Enniskerry Memories

This year’s Journal features local stories and people. The articles will be published online in advance and the compiled Journal will be available from September in paperback. This article is from Úna Wogan, in conversation with her aunt, Angela Wogan O’Neill.

Miss Grant Robinson with Canon Kennedy

I was born in Enniskerry in 1934. We lived at Church Hill House on Church Hill. My Grandmother Sarah had established a guest house on the premises in earlier years and although she passed away in 1930 and the guest house no longer opened for business we had one final guest who boarded in the house up until the early 1960s. Eleanor Grant Robinson, or Robbo as she was known to us, lived with us during all my childhood and beyond and was really a substitute for the grandmother we didn’t have the chance to know. She was a great character, known by everyone in the village and quite eccentric in her ways. She used to tell us she was once engaged to “young Powerscourt” but I’m not sure if this was true or which Powerscourt she meant. Robbo loved fresh flowers and would be delighted when she spotted a funeral arriving in the graveyard nearby. As soon as the ceremony was finished she’d scoot up the road and collected whatever fresh flowers took her fancy and place them in vases around our house.

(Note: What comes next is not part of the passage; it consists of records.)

(* Let $\Bbbk$ be a field of characteristic $0$, let $n\ge 2$, and let $(A,\mu,\alpha)$ be an $n$-ary totally Hom-associative algebra over $\Bbbk$ all of whose $n-1$ twisting maps are equal to a single linear map $\alpha\colon A\to A$. Let $[\cdot,\ldots,\cdot]\colon A^{\otimes n}\to A$ be the $n$-commutator bracket of $\mu$. Then $N(A)=(A,[\cdot,\ldots,\cdot],\alpha)$ (all $n-1$ twisting maps equal to $\alpha$) is an $n$-ary Hom-Nambu algebra. Moreover, if $(A,\mu,\alpha)$ is multiplicative, then so is $N(A)$.
   Context: An $n$-ary Hom-algebra $(V,\mu,(\alpha_1,\ldots,\alpha_{n-1}))$ is a $\Bbbk$-vector space $V$ with an $n$-linear map $\mu\colon V^{\otimes n}\to V$ (written $\mu(a_1,\ldots,a_n)=(a_1\cdots a_n)$) and linear maps $\alpha_1,\ldots,\alpha_{n-1}\colon V\to V$ (twisting maps). It is multiplicative if all twisting maps equal one map $\alpha$ and $\alpha\circ\mu=\mu\circ\alpha^{\otimes n}$. For $i\in\{1,\ldots,n-1\}$ the $i$th Hom-associator is the $(2n-1)$-linear map $as^i(a_1,\ldots,a_{2n-1})=(\alpha_1(a_1),\ldots,\alpha_{i-1}(a_{i-1}),(a_i\cdots a_{i+n-1}),\alpha_i(a_{i+n}),\ldots,\alpha_{n-1}(a_{2n-1}))-(\alpha_1(a_1),\ldots,\alpha_i(a_i),(a_{i+1}\cdots a_{i+n}),\alpha_{i+1}(a_{i+n+1}),\ldots,\alpha_{n-1}(a_{2n-1}))$. The Hom-algebra is $n$-ary totally Hom-associative if $as^i=0$ for all $i\in\{1,\ldots,n-1\}$. $n$-commutator words: in non-commuting variables $X_1,X_2,\ldots$, set $W_2=\{X_1X_2,-X_2X_1\}$ and for $n>2$, $W_n=\{zX_n,\,-X_nz : z\in W_{n-1}\}$ (so $|W_n|=2^{n-1}$). A word $w=\pm X_{i_1}\cdots X_{i_n}\in W_n$ acts by $w(a_1,\ldots,a_n)=\pm a_{i_1}\otimes\cdots\otimes a_{i_n}$. The $n$-commutator bracket is $[a_1,\ldots,a_n]=\sum_{w\in W_n}\mu(w(a_1,\ldots,a_n))$ (e.g. for $n=3$: $(a_1a_2a_3)-(a_2a_1a_3)-(a_3a_1a_2)+(a_3a_2a_1)$). For an $n$-ary Hom-algebra $(V,[\cdot,\ldots,\cdot],(\alpha_1,\ldots,\alpha_{n-1}))$, the $n$-ary Hom-Jacobian is $J(x_1,\ldots,x_{n-1};y_1,\ldots,y_n)=[\alpha_1(x_1),\ldots,\alpha_{n-1}(x_{n-1}),[y_1,\ldots,y_n]]-\sum_{i=1}^n[\alpha_1(y_1),\ldots,\alpha_{i-1}(y_{i-1}),[x_1,\ldots,x_{n-1},y_i],\alpha_i(y_{i+1}),\ldots,\alpha_{n-1}(y_n)]$, and $V$ is an $n$-ary Hom-Nambu algebra if $J=0$ identically. *)

theory Defs
  imports Complex_Main
begin

text \<open>Vectors of arguments are lists (0-indexed). Twisting maps are indexed
  1..n-1 as in the paper: al i for i in {1..n-1}.\<close>

definition n_linear :: "('k::field \<Rightarrow> 'v::ab_group_add \<Rightarrow> 'v) \<Rightarrow> nat \<Rightarrow> ('v list \<Rightarrow> 'v) \<Rightarrow> bool" where
  "n_linear scale n mu \<longleftrightarrow>
     (\<forall>xs. length xs = n \<longrightarrow> (\<forall>i<n. Vector_Spaces.linear scale scale (\<lambda>v. mu (xs[i := v]))))"

definition hom_algebra :: "('k::field \<Rightarrow> 'v::ab_group_add \<Rightarrow> 'v) \<Rightarrow> nat \<Rightarrow> ('v list \<Rightarrow> 'v) \<Rightarrow> (nat \<Rightarrow> 'v \<Rightarrow> 'v) \<Rightarrow> bool" where
  "hom_algebra scale n mu al \<longleftrightarrow>
     n_linear scale n mu \<and> (\<forall>i\<in>{1..n-1}. Vector_Spaces.linear scale scale (al i))"

definition multiplicative :: "('k::field \<Rightarrow> 'v::ab_group_add \<Rightarrow> 'v) \<Rightarrow> nat \<Rightarrow> ('v list \<Rightarrow> 'v) \<Rightarrow> ('v \<Rightarrow> 'v) \<Rightarrow> bool" where
  "multiplicative scale n mu alpha \<longleftrightarrow>
     hom_algebra scale n mu (\<lambda>_. alpha) \<and>
     (\<forall>xs. length xs = n \<longrightarrow> alpha (mu xs) = mu (map alpha xs))"

text \<open>hom_comp n mu al j xs, for xs of length 2n-1 and 0 <= j <= n-1, is
  (al 1 (a_1), ..., al j (a_j), (a_{j+1} ... a_{j+n}), al (j+1) (a_{j+n+1}), ..., al (n-1) (a_{2n-1})).\<close>
definition hom_comp :: "nat \<Rightarrow> ('v list \<Rightarrow> 'v) \<Rightarrow> (nat \<Rightarrow> 'v \<Rightarrow> 'v) \<Rightarrow> nat \<Rightarrow> 'v list \<Rightarrow> 'v" where
  "hom_comp n mu al j xs =
     mu (map (\<lambda>k. al (k + 1) (xs ! k)) [0..<j]
         @ [mu (take n (drop j xs))]
         @ map (\<lambda>k. al (j + 1 + k) (xs ! (j + n + k))) [0..<n - 1 - j])"

definition hom_associator :: "nat \<Rightarrow> ('v::ab_group_add list \<Rightarrow> 'v) \<Rightarrow> (nat \<Rightarrow> 'v \<Rightarrow> 'v) \<Rightarrow> nat \<Rightarrow> 'v list \<Rightarrow> 'v" where
  "hom_associator n mu al i xs = hom_comp n mu al (i - 1) xs - hom_comp n mu al i xs"

definition totally_hom_assoc :: "('k::field \<Rightarrow> 'v::ab_group_add \<Rightarrow> 'v) \<Rightarrow> nat \<Rightarrow> ('v list \<Rightarrow> 'v) \<Rightarrow> (nat \<Rightarrow> 'v \<Rightarrow> 'v) \<Rightarrow> bool" where
  "totally_hom_assoc scale n mu al \<longleftrightarrow>
     hom_algebra scale n mu al \<and>
     (\<forall>i\<in>{1..n-1}. \<forall>xs. length xs = 2 * n - 1 \<longrightarrow> hom_associator n mu al i xs = 0)"

text \<open>n-commutator words: a word is (sign, list of 0-based variable indices);
  sign True means +. words 1 = {X_1}, W_{m+1} = {z X_{m+1}, - X_{m+1} z : z in W_m},
  so words 2 = {X_1 X_2, - X_2 X_1} = W_2.\<close>
fun comm_words :: "nat \<Rightarrow> (bool \<times> nat list) list" where
  "comm_words 0 = []"
| "comm_words (Suc 0) = [(True, [0])]"
| "comm_words (Suc (Suc m)) =
     concat (map (\<lambda>(s, w). [(s, w @ [Suc m]), (\<not> s, Suc m # w)]) (comm_words (Suc m)))"

definition n_commutator :: "nat \<Rightarrow> ('v::ab_group_add list \<Rightarrow> 'v) \<Rightarrow> 'v list \<Rightarrow> 'v" where
  "n_commutator n mu xs =
     sum_list (map (\<lambda>(s, w). if s then mu (map ((!) xs) w) else - mu (map ((!) xs) w))
                   (comm_words n))"

definition hom_jacobian :: "nat \<Rightarrow> ('v::ab_group_add list \<Rightarrow> 'v) \<Rightarrow> (nat \<Rightarrow> 'v \<Rightarrow> 'v) \<Rightarrow> 'v list \<Rightarrow> 'v list \<Rightarrow> 'v" where
  "hom_jacobian n br al xs ys =
     br (map (\<lambda>k. al (k + 1) (xs ! k)) [0..<n - 1] @ [br ys])
     - (\<Sum>i=1..n. br (map (\<lambda>k. al (k + 1) (ys ! k)) [0..<i - 1]
                       @ [br (xs @ [ys ! (i - 1)])]
                       @ map (\<lambda>k. al (i + k) (ys ! (i + k))) [0..<n - i]))"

My grandfather Michael was still alive when I was small child and I remember him well. He used to take me to Prossers to meet Mr Coogan. At night time I used to listen out for callers to the house. Old Mr Dunne would call and I would get up and sit with him and my grandfather watching them play cards and slipping whiskey into their tea. Dick Kavanagh was another of my Grandfather’s friends that would call to the house. I loved him because he had a pony and trap which he would bring every Sunday to mass. Also in the house was my father Paddy, my mother Ellen and my two younger brothers. My mother was from Kilternan and she and my father married in Glencullen. She died when I was eight years old. When she died my mother’s sister Molly (Connolly) and later her daughter Meave helped my father look after us.  It must have been hard for them as they would walk from Kilternan several times a week to help him. Really everyone in the village was very good to us but I suppose everyone knew everyone else at that time. My father worked for Wicklow County Council for many years as the Water rate collector for the village. He looked after the any problems with the water and also did building work around the village.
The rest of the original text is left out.